2002年12月1日(日)「しんぶん赤旗」
航空自衛隊が導入していた砂漠型迷彩服は一九九一年の湾岸戦争時にイラクなどからの避難民輸送を実施する際の擬装のためだったことが防衛庁の報告で明らかになりました。
日本共産党の吉岡吉典議員が、防衛庁広報誌『セキュリタリアン』十一月号に砂漠型迷彩服で訓練する隊員の写真が掲載されていることを示し「日本に砂漠はない。イラクでの作戦を想定しているのか」と防衛庁を追及(十一月十九日参院外交防衛委員会)。

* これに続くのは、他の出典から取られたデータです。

lemma power_decreases_outside_contacts_hull:
  assumes x: "x \<in> S" and a: "a \<in> S" and empty: "empty_power_sphere M a \<beta>"
    and outside: "x \<notin> convex hull (contacts M a \<beta>)"
  obtains a' \<beta>' where "a' \<in> S" "empty_power_sphere M a' \<beta>'" "sphere_power a' \<beta>' x < sphere_power a \<beta> x"
proof -
  have "closed (convex hull (contacts M a \<beta>))"
    by (simp add: compact_imp_closed finite_contacts finite_imp_compact_convex_hull)
  then obtain u m where u: "u \<in> S" "m < u \<bullet> x"
    and sep: "\<And>y. y \<in> convex hull (contacts M a \<beta>) \<Longrightarrow> y \<in> S \<Longrightarrow> u \<bullet> y < m"
    using separating_hyperplane_in_subspace[OF subspace _ convex_convex_hull x outside] by blast
  have sep_contacts: "u \<bullet> y < m" if "y \<in> contacts M a \<beta>" for y
    using sep[OF hull_inc[OF that]] that subset unfolding contacts_def by auto
  obtain y0 where "y0 \<in> M" "u \<bullet> x \<le> u \<bullet> y0" using exists_point_beyond[OF u(1) x] .
  with u(2) have "m < u \<bullet> y0" by linarith
  then obtain t ys where "0 \<le> t" "m < u \<bullet> ys"
    and ys: "ys \<in> contacts M (a + t *\<^sub>R u) (\<beta> - 2 * t * m)"
    and empty': "empty_power_sphere M (a + t *\<^sub>R u) (\<beta> - 2 * t * m)"
    using sphere_power_shift_to_contact[OF finite_Int_bounded empty \<open>y0 \<in> M\<close>] by blast
  have "t \<noteq> 0"
  proof
    assume "t = 0"
    then have "ys \<in> contacts M a \<beta>" using ys by simp
    then show False using sep_contacts \<open>m < u \<bullet> ys\<close> by fastforce
  qed
  then have "sphere_power (a + t *\<^sub>R u) (\<beta> - 2 * t * m) x < sphere_power a \<beta> x"
    unfolding sphere_power_shift using \<open>0 \<le> t\<close> u(2) by simp
  moreover have "a + t *\<^sub>R u \<in> S" using a u(1) subspace by (simp add: subspace_add subspace_scale)
  ultimately show thesis using that empty' by blast
qed
lemma card_pairs_lower_bound:
  fixes \<alpha> \<beta> C X :: real and A B :: "nat set"
  assumes "\<beta> < 1" "0 \<notin> A" "0 \<notin> B" "0 < C" "0 < X" "16 \<le> ln X"
    and A: "\<And>Y. sqrt (sqrt X) \<le> Y \<Longrightarrow> C * sqrt Y / ln Y powr \<alpha> \<le> real (count_upto A Y)"
    and B: "\<And>Y. sqrt X \<le> Y \<Longrightarrow> C * sqrt Y / ln Y powr \<beta> \<le> real (count_upto B Y)"
  shows "C^2 / 80 * (1/4) powr \<bar>\<alpha>\<bar> * (1/4) powr \<bar>\<beta>\<bar> * sqrt X * ln X powr (1 - \<alpha> - \<beta>)
           \<le> real (card {(a, b). a \<in> A \<and> b \<in> B \<and> real (a * b) \<le> X})"
proof -
  define L where "L = ln X"
  define T where "T = C^2 / 10 * (1/4) powr \<bar>\<alpha>\<bar> * (1/4) powr \<bar>\<beta>\<bar> * sqrt X * L powr (-\<alpha>-\<beta>)"
  define g where "g j = C * sqrt (X/2^j) / ln (X/2^j) powr \<beta>" for j :: nat
  obtain J1 J2 where J: "J1 \<le> J2" "L / 8 \<le> real J2 - real J1"
    and low: "\<And>j. J1 \<le> j \<Longrightarrow> L / 4 \<le> real j * ln 2"
    and high: "\<And>j. j \<le> J2 \<Longrightarrow> real j * ln 2 \<le> L / 2"
    using dyadic_window[of L] assms(6) unfolding L_def by blast
  have ln_dyadic: "ln ((2::real)^j) = real j * ln 2" "ln (X / 2^j) = L - real j * ln 2" for j
    using assms(5) by (simp_all add: L_def ln_div ln_realpow)
  have ln_roots: "ln (sqrt X) = L / 2" "ln (sqrt (sqrt X)) = L / 4"
    using assms(5) by (simp_all add: L_def ln_sqrt)
  have g_le: "g j \<le> real (count_upto B (X / 2^j))" if "j \<le> J2" for j
    unfolding g_def
  proof (rule B)
    have "ln (sqrt X) \<le> ln (X / 2^j)"
      using high[OF that] by (simp add: ln_dyadic ln_roots)
    then show "sqrt X \<le> X / 2^j" using assms(5) by simp
  qed
  have term_ge: "T \<le> (g j - g (Suc j)) * real (count_upto A (2^j))" if "J1 \<le> j" "j \<le> J2" for j
  proof -
    have "ln (sqrt (sqrt X)) \<le> ln ((2::real)^j)"
      using low[OF that(1)] by (simp add: ln_dyadic ln_roots)
    then have "sqrt (sqrt X) \<le> 2^j" using assms(5) by simp
    then have "C * sqrt (2^j) / ln (2^j) powr \<alpha> \<le> real (count_upto A (2^j))" by (rule A)
    with low[OF that(1)] high[OF that(2)] show ?thesis
      unfolding T_def g_def L_def by (rule dyadic_term_lower_bound[OF assms(4,1,5,6)])
  qed
  have "L powr (1 - \<alpha> - \<beta>) = L powr (1 + (-\<alpha>-\<beta>))" by (rule arg_cong[where f="(powr) L"]) simp
  then have "L powr (1 - \<alpha> - \<beta>) = L * L powr (-\<alpha>-\<beta>)"
    using assms(6) by (simp add: powr_add L_def)
  then have "C^2 / 80 * (1/4) powr \<bar>\<alpha>\<bar> * (1/4) powr \<bar>\<beta>\<bar> * sqrt X * ln X powr (1 - \<alpha> - \<beta>)
      = L / 8 * T"
    by (simp add: T_def flip: L_def)
  also have "\<dots> \<le> (real J2 - real J1) * T"
    using J(2) assms(5) by (intro mult_right_mono) (simp_all add: T_def)
  also have "\<dots> = (\<Sum>j\<in>{J1..<J2}. T)" using J(1) by (simp add: of_nat_diff)
  also have "\<dots> \<le> (\<Sum>j\<in>{J1..<J2}. (g j - g (Suc j)) * real (count_upto A (2^j)))"
    using term_ge by (intro sum_mono) auto
  also have "\<dots> \<le> real (card {(a, b). a \<in> A \<and> b \<in> B \<and> real (a * b) \<le> X})"
    using J(1) assms(2-5) g_le by (intro dyadic_abel_sum_le_card_pairs) (auto simp: g_def)
  finally show ?thesis .
qed
theorem universal_property:
  "(\<exists>!\<omega>. alg_mor C Z (pAV \<cdot> nu) MZ B eB mB \<omega> \<and>
      \<omega> \<cdot> (pAV \<cdot> Beta) = iA \<and> \<omega> \<cdot> (pAV \<cdot> (eA \<otimes> idm V)) = iV) \<longleftrightarrow>
   (phi \<cdot> nu = eB \<and> phi \<cdot> psi = mB \<cdot> (iV \<otimes> iA) \<and> phi \<cdot> sigma = mB \<cdot> (iV \<otimes> iV))"
  using conditions_of_morphism morphism_of_conditions morphism_unique by metis

end

theorem theorem1p7:
  fixes C :: "('o,'m) smcat"
  assumes "strict_monoidal C"
    and "wcp_preunit C A eA mA V psi sigma nu"
    and "splits C (nabla C A eA mA V psi) Z iAV pAV"
    and "is_algebra C B eB mB"
    and "alg_mor C A eA mA B eB mB iA"
    and "hom C iV V B"
  shows "(\<exists>!\<omega>. alg_mor C Z (Comp C pAV nu) (mu_AxV C A mA V psi sigma iAV pAV) B eB mB \<omega> \<and>
            Comp C \<omega> (Comp C pAV (beta C A mA V nu)) = iA \<and>
            Comp C \<omega> (Comp C pAV (TenM C eA (Idm C V))) = iV)
     \<longleftrightarrow>
     (Comp C mB (Comp C (TenM C iA iV) nu) = eB \<and>
      Comp C mB (Comp C (TenM C iA iV) psi) = Comp C mB (TenM C iV iA) \<and>
      Comp C mB (Comp C (TenM C iA iV) sigma) = Comp C mB (TenM C iV iV))"
proof -
  interpret wcp_image_target C A eA mA V psi sigma nu B eB mB iA iV Z iAV pAV
    using assms by unfold_locales
  have "phi \<cdot> x = mB \<cdot> ((iA \<otimes> iV) \<cdot> x)" if "cod x = A \<odot> V" for x
    using that by (simp add: phi_def del: diagram_simps)
  then show ?thesis using universal_property by simp
qed

end
lemma lower_star_eq:
  assumes "linear \<psi>" "inj_on \<psi> (p ` I)"
  shows "lower_star I p \<psi> x =
    insert J ((\<lambda>R. R \<union> J) ` {R \<in> index_faces I' q. R \<noteq> {} \<and> (\<forall>i\<in>R. \<psi> (q i) < 0)})"
    (is "_ = insert J ((\<lambda>R. R \<union> J) ` ?N)")
proof (intro equalityI subsetI)
  fix T
  assume "T \<in> lower_star I p \<psi> x"
  then have T: "T \<in> index_faces I p" and "x \<in> p ` T" and below: "\<forall>i\<in>T. \<psi> (p i) \<le> \<psi> x"
    by (auto simp: lower_star_def)
  have "J \<subseteq> T"
    using index_face_closed[OF T] \<open>x \<in> p ` T\<close> by (auto simp: J_def)
  show "T \<in> insert J ((\<lambda>R. R \<union> J) ` ?N)"
  proof (cases "T - J = {}")
    case False
    have "\<psi> (q i) < 0" if "i \<in> T - J" for i
    proof -
      have "i \<in> I'"
        using that index_faces_subset[OF T] by (auto simp: I'_def)
      then have "\<psi> (p i) \<noteq> \<psi> x"
        using assms(2) x_in by (auto simp: I'_iff dest: inj_onD)
      then show ?thesis
        using below that q_neg_iff[OF assms(1) \<open>i \<in> I'\<close>] by force
    qed
    then have "T - J \<in> ?N"
      using diff_J_in_index_faces[OF T \<open>J \<subseteq> T\<close> False] False by blast
    moreover have "T = (T - J) \<union> J"
      using \<open>J \<subseteq> T\<close> by blast
    ultimately show ?thesis
      by blast
  qed (use \<open>J \<subseteq> T\<close> in blast)
next
  fix T
  assume "T \<in> insert J ((\<lambda>R. R \<union> J) ` ?N)"
  then consider "T = J" | R where "R \<in> ?N" "T = R \<union> J"
    by blast
  then show "T \<in> lower_star I p \<psi> x"
  proof cases
    case 1
    then show ?thesis
      using J_in_index_faces J_nonempty by (auto simp: lower_star_def J_def)
  next
    case 2
    have "R \<subseteq> I'"
      using \<open>R \<in> ?N\<close> index_faces_subset by blast
    then have "\<psi> (p i) < \<psi> x" if "i \<in> R" for i
      using that \<open>R \<in> ?N\<close> q_neg_iff[OF assms(1)] by blast
    then show ?thesis
      using 2 union_J_in_index_faces[of R] J_nonempty
      by (fastforce simp: lower_star_def J_def)
  qed
qed
(* Let $r\ge 1$ be an integer, $\mathcal{C}_0 \subseteq \mathbb{F}_2^d$ a linear code with relative distance $\delta$ and $r$'th relative generalized distance $\delta_r$, $G=(L\cup R,E)$ the double cover of a $d$-regular graph on $n$ vertices with expansion $\lambda$, $\varepsilon>0$ with $\frac{\lambda}{d} \leq \frac{\varepsilon^2\delta^2}{2^{r+4}}$, and $z \in (\mathbb{F}_2\cup\{\bot\})^E$ with at most $(1-\varepsilon)\delta\delta_r dn$ coordinates equal to $\bot$. Let $E' \subseteq E$ be the edge set produced by the procedure \textsc{FindHeavyEdges} described in the context, and consider the global equivalence relation $\sim$ on $E'$. Then every global equivalence class in $E'$ has size at least $\frac{\varepsilon^4\delta^4}{2^{2r+7}} dn$. In particular, $E'$ is partitioned into at most $s := \frac{2^{2r+7}}{\varepsilon^4\delta^4}$ equivalence classes.
   Context: Relative distance of a linear code: minimum relative weight of a nonzero codeword; $r$'th relative generalized distance of $\mathcal{C}_0 \subseteq \mathbb{F}_2^d$: $\frac1d\min_V|\{i:\exists v\in V, v_i\ne 0\}|$ over $r$-dimensional subspaces $V\subseteq\mathcal{C}_0$. For $w\in(\mathbb{F}_2\cup\{\bot\})^d$, $\mathrm{List}_{\mathcal{C}_0}(w)=\{c\in\mathcal{C}_0: c_i=w_i \text{ whenever } w_i\ne\bot\}$. Expansion of a $d$-regular graph: $\max\{\lambda_2,|\lambda_n|\}$ of its adjacency eigenvalues; its double cover $G=(L\cup R,E)$ has $L,R$ copies of the vertex set with $u\in L$, $v\in R$ adjacent iff they are adjacent in the original graph. Fix for each vertex $v$ an ordering $\Gamma_1(v),\dots,\Gamma_d(v)$ of its neighbours. Let $B\subseteq L\cup R$ be the set of vertices $v$ with $z_{(v,u)}=\bot$ for more than $\delta_r d$ neighbours $u$. For $v\notin B$, let $L_v=\mathrm{List}_{\mathcal{C}_0}((z_{(v,\Gamma_1(v))},\dots,z_{(v,\Gamma_d(v))}))$; it is an affine subspace of $\mathbb{F}_2^d$ of some dimension $r_v\le r-1$, and fix $G_v\in\mathbb{F}_2^{d\times r_v}$, $b_v\in\mathbb{F}_2^d$ with $L_v=\{G_vx+b_v: x\in\mathbb{F}_2^{r_v}\}$; the rows of $G_v$ are indexed by the edges incident to $v$. Local equivalence: for $v\notin B$ and edges $(u,v),(w,v)$, write $(u,v)\sim_v(w,v)$ if the rows of $G_v$ indexed by these edges are equal. \textsc{FindHeavyEdges}: start with $E'=E$; remove from $E'$ all edges incident to a vertex of $B$; then, as long as there exist an edge $(u,v)\in E'$ (with $v$ either endpoint) such that $|\{(w,v)\in E' : (w,v)\sim_v(u,v)\}| \le \frac{\varepsilon^2\delta^2}{2^{r+3}} d$, remove $(u,v)$ and all $(w,v)\in E'$ with $(w,v)\sim_v(u,v)$ from $E'$; output the final $E'$. Global equivalence: for $e,e'\in E'$, $e\sim e'$ if there is a sequence $e=e_1,\dots,e_t=e'$ of edges in $E'$ such that each consecutive pair $e_i=(u,v)$, $e_{i+1}=(v,w)$ shares a vertex $v$ and satisfies $(u,v)\sim_v(v,w)$. *)

theory Defs
  imports "HOL-Computational_Algebra.Computational_Algebra" "Jordan_Normal_Form.Char_Poly"
begin

text \<open>Words of F_2^d are functions nat => bool vanishing outside {0..<d};
  addition in F_2 is xor, i.e. (~=) on bool.\<close>

definition words :: "nat \<Rightarrow> (nat \<Rightarrow> bool) set" where
  "words d = {c. \<forall>i\<ge>d. \<not> c i}"

definition zero_word :: "nat \<Rightarrow> bool" where
  "zero_word = (\<lambda>_. False)"

definition add_word :: "(nat \<Rightarrow> bool) \<Rightarrow> (nat \<Rightarrow> bool) \<Rightarrow> (nat \<Rightarrow> bool)" where
  "add_word c c' = (\<lambda>i. c i \<noteq> c' i)"

definition f2_subspace :: "nat \<Rightarrow> (nat \<Rightarrow> bool) set \<Rightarrow> bool" where
  "f2_subspace d V \<longleftrightarrow> V \<subseteq> words d \<and> zero_word \<in> V \<and>
     (\<forall>c\<in>V. \<forall>c'\<in>V. add_word c c' \<in> V)"

abbreviation linear_code :: "nat \<Rightarrow> (nat \<Rightarrow> bool) set \<Rightarrow> bool" where
  "linear_code d C \<equiv> f2_subspace d C"

text \<open>An F_2-subspace has dimension k iff it has exactly 2^k elements.\<close>
definition f2_dim_eq :: "nat \<Rightarrow> (nat \<Rightarrow> bool) set \<Rightarrow> nat \<Rightarrow> bool" where
  "f2_dim_eq d V k \<longleftrightarrow> f2_subspace d V \<and> card V = 2 ^ k"

definition supp :: "nat \<Rightarrow> (nat \<Rightarrow> bool) \<Rightarrow> nat set" where
  "supp d c = {i. i < d \<and> c i}"

definition rel_dist :: "nat \<Rightarrow> (nat \<Rightarrow> bool) set \<Rightarrow> real" where
  "rel_dist d C = Min {real (card (supp d c)) / real d | c. c \<in> C \<and> c \<noteq> zero_word}"

definition rel_gen_dist :: "nat \<Rightarrow> nat \<Rightarrow> (nat \<Rightarrow> bool) set \<Rightarrow> real" where
  "rel_gen_dist r d C = Min {real (card {i. i < d \<and> (\<exists>v\<in>V. v i)}) / real d
       | V. V \<subseteq> C \<and> f2_dim_eq d V r}"

text \<open>Partial words: None plays the role of bot.\<close>
definition List_code :: "nat \<Rightarrow> (nat \<Rightarrow> bool) set \<Rightarrow> (nat \<Rightarrow> bool option) \<Rightarrow> (nat \<Rightarrow> bool) set" where
  "List_code d C w = {c \<in> C. \<forall>i<d. w i \<noteq> None \<longrightarrow> c i = the (w i)}"

definition regular_graph :: "nat \<Rightarrow> nat \<Rightarrow> (nat \<Rightarrow> nat \<Rightarrow> bool) \<Rightarrow> bool" where
  "regular_graph n d Adj \<longleftrightarrow>
     (\<forall>u v. Adj u v \<longrightarrow> u < n \<and> v < n) \<and> (\<forall>u v. Adj u v \<longrightarrow> Adj v u) \<and>
     (\<forall>u. \<not> Adj u u) \<and> (\<forall>u<n. card {v. Adj u v} = d)"

definition adj_matrix :: "nat \<Rightarrow> (nat \<Rightarrow> nat \<Rightarrow> bool) \<Rightarrow> real mat" where
  "adj_matrix n Adj = mat n n (\<lambda>(i, j). if Adj i j then 1 else 0)"

definition adj_eigenvalues :: "nat \<Rightarrow> (nat \<Rightarrow> nat \<Rightarrow> bool) \<Rightarrow> real list" where
  "adj_eigenvalues n Adj = rev (sorted_list_of_multiset (proots (char_poly (adj_matrix n Adj))))"

definition expansion :: "nat \<Rightarrow> (nat \<Rightarrow> nat \<Rightarrow> bool) \<Rightarrow> real" where
  "expansion n Adj = (let ev = adj_eigenvalues n Adj in max (ev ! 1) \<bar>last ev\<bar>)"

text \<open>Double cover: a vertex is (v, False) in L or (v, True) in R; an edge is a pair (u, w)
  meaning the edge between u in L and w in R, present iff Adj u w.\<close>
type_synonym dvertex = "nat \<times> bool"
type_synonym dedge = "nat \<times> nat"

definition dc_vertices :: "nat \<Rightarrow> dvertex set" where
  "dc_vertices n = {0..<n} \<times> UNIV"

definition dc_edges :: "(nat \<Rightarrow> nat \<Rightarrow> bool) \<Rightarrow> dedge set" where
  "dc_edges Adj = {(u, w). Adj u w}"
(* For any weight $\omega\in\mathbb{R}^J$ with $\mathscr{T}_\omega=\mathscr{T}_{\max}$, the leading term ideal of $I_\mathcal{A}$ with respect to $\omega$ equals the Stanley–Reisner ideal of $\Sigma$, i.e. the ideal of $\mathbb{C}[y_{i,j}:(i,j)\in J]$ generated by the monomials $\prod_{(i,j)\in\mathcal{P}}y_{i,j}$ for $\mathcal{P}$ a primitive collection of $\Sigma$.
   Context: $N\cong\mathbb{Z}^n$, $M$ dual. $X$ smooth projective toric with fan $\Sigma$ and nef-partition $\Sigma(1)=I_1\sqcup\cdots\sqcup I_r$ (each $E_i=\sum_{\rho\in I_i}D_\rho$ nef), $I_i=\{\rho_{i,1},\dots,\rho_{i,n_i}\}$, $J=\{(i,j):1\le i\le r,0\le j\le n_i\}$, $\nu_{i,j}=(\rho_{i,j},e_i)$ ($j\ge1$), $\nu_{i,0}=(0,e_i)$ in $N\times\mathbb{Z}^r$, $\mathcal{A}=\{\nu_{i,j}\}$, $L_{\mathrm{ext}}=\ker(\mathbb{Z}^J\to N\times\mathbb{Z}^r,\ e_{i,j}\mapsto\nu_{i,j})$. Toric ideal $I_\mathcal{A}=\langle y^{\ell^+}-y^{\ell^-}:\ell\in L_{\mathrm{ext}}\rangle$, $\ell=\ell^+-\ell^-$ with $\ell^\pm\ge0$ of disjoint support; $\omega\in\mathbb{R}^J$ defines leading terms by maximal weight $\sum\omega_{i,j}m_{i,j}$ of $y^m$. $\mathscr{T}_\omega$ is the regular subdivision of $\mathcal{A}$ induced by $\omega$ (projection of lower faces of $\mathrm{Cone}\{(\nu,\omega_\nu)\}$); $\mathscr{T}_{\max}$ is the triangulation with maximal simplices $\{\nu_{1,0},\dots,\nu_{r,0}\}\cup\{\nu_{i,j}:\rho_{i,j}\in\sigma(1)\}$, $\sigma$ maximal in $\Sigma$. A primitive collection is $\mathcal{P}\subset\Sigma(1)$ not spanning a cone of $\Sigma$ while every proper subset does. *)

theory Defs
  imports "HOL-Analysis.Analysis" "HOL-Library.Poly_Mapping"
begin

text \<open>Parts of the nef-partition are indexed by i in {1..r}; the rays of I_i are
  indexed by pairs (i,j), 1 <= j <= nn i; the extra points nu_{i,0} by (i,0).\<close>

definition Jset :: "nat \<Rightarrow> (nat \<Rightarrow> nat) \<Rightarrow> (nat \<times> nat) set" where
  "Jset r nn = {(i,j). 1 \<le> i \<and> i \<le> r \<and> j \<le> nn i}"

definition Rays :: "nat \<Rightarrow> (nat \<Rightarrow> nat) \<Rightarrow> (nat \<times> nat) set" where
  "Rays r nn = {(i,j). 1 \<le> i \<and> i \<le> r \<and> 1 \<le> j \<and> j \<le> nn i}"

definition rv :: "int ^ 'n \<Rightarrow> real ^ 'n" where
  "rv v = (\<chi> k. real_of_int (v $ k))"

section \<open>Fans (cones recorded by their sets of ray indices)\<close>

definition cone_of :: "(nat \<times> nat \<Rightarrow> int ^ 'n) \<Rightarrow> (nat \<times> nat) set \<Rightarrow> (real ^ 'n) set" where
  "cone_of \<rho> \<sigma> = {(\<Sum>k\<in>\<sigma>. c k *\<^sub>R rv (\<rho> k)) | c. \<forall>k\<in>\<sigma>. c k \<ge> 0}"

definition z_basis :: "(int ^ 'n) set \<Rightarrow> bool" where
  "z_basis B \<longleftrightarrow> finite B \<and> inj_on rv B \<and> independent (rv ` B) \<and>
     (\<forall>v :: int ^ 'n. \<exists>c. v = (\<Sum>b\<in>B. c b *s b))"

definition is_fan :: "(nat \<times> nat \<Rightarrow> int ^ 'n) \<Rightarrow> (nat \<times> nat) set \<Rightarrow> (nat \<times> nat) set set \<Rightarrow> bool" where
  "is_fan \<rho> R cones \<longleftrightarrow> finite R \<and> finite cones \<and> (\<forall>\<sigma>\<in>cones. \<sigma> \<subseteq> R) \<and>
     (\<forall>\<sigma>\<in>cones. \<forall>\<tau>. \<tau> \<subseteq> \<sigma> \<longrightarrow> \<tau> \<in> cones) \<and>
     (\<forall>k\<in>R. {k} \<in> cones) \<and>
     (\<forall>\<sigma>\<in>cones. \<forall>\<tau>\<in>cones. cone_of \<rho> \<sigma> \<inter> cone_of \<rho> \<tau> = cone_of \<rho> (\<sigma> \<inter> \<tau>))"

definition smooth_fan :: "(nat \<times> nat \<Rightarrow> int ^ 'n) \<Rightarrow> (nat \<times> nat) set \<Rightarrow> (nat \<times> nat) set set \<Rightarrow> bool" where
  "smooth_fan \<rho> R cones \<longleftrightarrow> inj_on \<rho> R \<and> (\<forall>\<sigma>\<in>cones. \<exists>B. z_basis B \<and> \<rho> ` \<sigma> \<subseteq> B)"
(* Let $(TN,\mu_0)$ be a perpetual $T$-system with regeneration cluster $cl$. Then for any two markings $\mu_1,\mu_2$ reachable in $(TN,\mu_0)$, $$en(TN,\mu_1)=en(TN,\mu_2)\implies\mu_1=\mu_2.$$
   Context: A net consists of finite disjoint sets of places and transitions and directed edges between places and transitions (no place–place or transition–transition edges); nets are weakly connected. ${}^\bullet x$, $x^\bullet$ are pre-set and post-set of a node. A $T$-net is a net in which every place has exactly one pre-transition and exactly one post-transition; a $T$-system is a $T$-net with a marking (map from places to $\mathbb{N}$). A transition is enabled if all its pre-places are marked; firing removes one token from each pre-place and adds one to each post-place. $en(TN,\mu)$ is the set of transitions enabled at $\mu$; reachable markings arise from $\mu_0$ by firing finite sequences of successively enabled transitions. The cluster of a node $x$ is the smallest subnet containing $x$ containing $p^\bullet$ for each of its places $p$ and ${}^\bullet t$ for each of its transitions $t$; $\mu_{cl}$ is the marking equal to $1$ on the places of $cl$ and $0$ elsewhere. $(TN,\mu_0)$ is perpetual with regeneration cluster $cl$ if it is live and bounded and $\mu_{cl}$ is a home marking (reachable from every reachable marking). *)

theory Defs
  imports Main
begin

definition preset :: "('a \<times> 'a) set \<Rightarrow> 'a \<Rightarrow> 'a set" where
  "preset F x = {y. (y, x) \<in> F}"

definition postset :: "('a \<times> 'a) set \<Rightarrow> 'a \<Rightarrow> 'a set" where
  "postset F x = {y. (x, y) \<in> F}"

definition is_net :: "'a set \<Rightarrow> 'a set \<Rightarrow> ('a \<times> 'a) set \<Rightarrow> bool" where
  "is_net P T F \<longleftrightarrow> finite P \<and> finite T \<and> P \<inter> T = {} \<and>
     F \<subseteq> (P \<times> T) \<union> (T \<times> P) \<and>
     (\<forall>x \<in> P \<union> T. \<forall>y \<in> P \<union> T. (x, y) \<in> (F \<union> F\<inverse>)\<^sup>*)"

definition is_Tnet :: "'a set \<Rightarrow> 'a set \<Rightarrow> ('a \<times> 'a) set \<Rightarrow> bool" where
  "is_Tnet P T F \<longleftrightarrow> is_net P T F \<and>
     (\<forall>p \<in> P. card (preset F p) = 1 \<and> card (postset F p) = 1)"

definition is_marking :: "'a set \<Rightarrow> ('a \<Rightarrow> nat) \<Rightarrow> bool" where
  "is_marking P \<mu> \<longleftrightarrow> (\<forall>x. x \<notin> P \<longrightarrow> \<mu> x = 0)"

definition enabled :: "'a set \<Rightarrow> ('a \<times> 'a) set \<Rightarrow> ('a \<Rightarrow> nat) \<Rightarrow> 'a \<Rightarrow> bool" where
  "enabled T F \<mu> t \<longleftrightarrow> t \<in> T \<and> (\<forall>p \<in> preset F t. 0 < \<mu> p)"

これに対する同庁の調査の結果、分かったものです。
報告によると、九一年一月、安全保障会議が湾岸危機で発生する避難民の輸送を空自輸送機で実施することを決定したため、防衛庁長官の指示で「中東の環境に適応した砂漠用の迷彩模様の服を国内で調達した」としています。
吉岡氏は十一月二十八日の参院外交防衛委で「公表されていない重大な事実だ」と指摘。「当時、避難民輸送が砂漠での戦闘事態になることを想定していたのではないか」と追及。防衛庁の西川徹矢運用局長は「避難民救出は屋外での活動なので、周辺に溶け込んで自らを防護する必要がある」と答えました。
広報誌の写真については、九一年三月に湾岸戦争が終結したため、この迷彩服は使用されず、九五年十一月に航空自衛隊幹部候補生学校に管理がえし、訓練に使用してきたと答弁しました。
吉岡氏は、イラク攻撃が問題になっているとき、防衛庁広報誌がこのような写真を掲載すること自体が政治的意味を持つと指摘しました。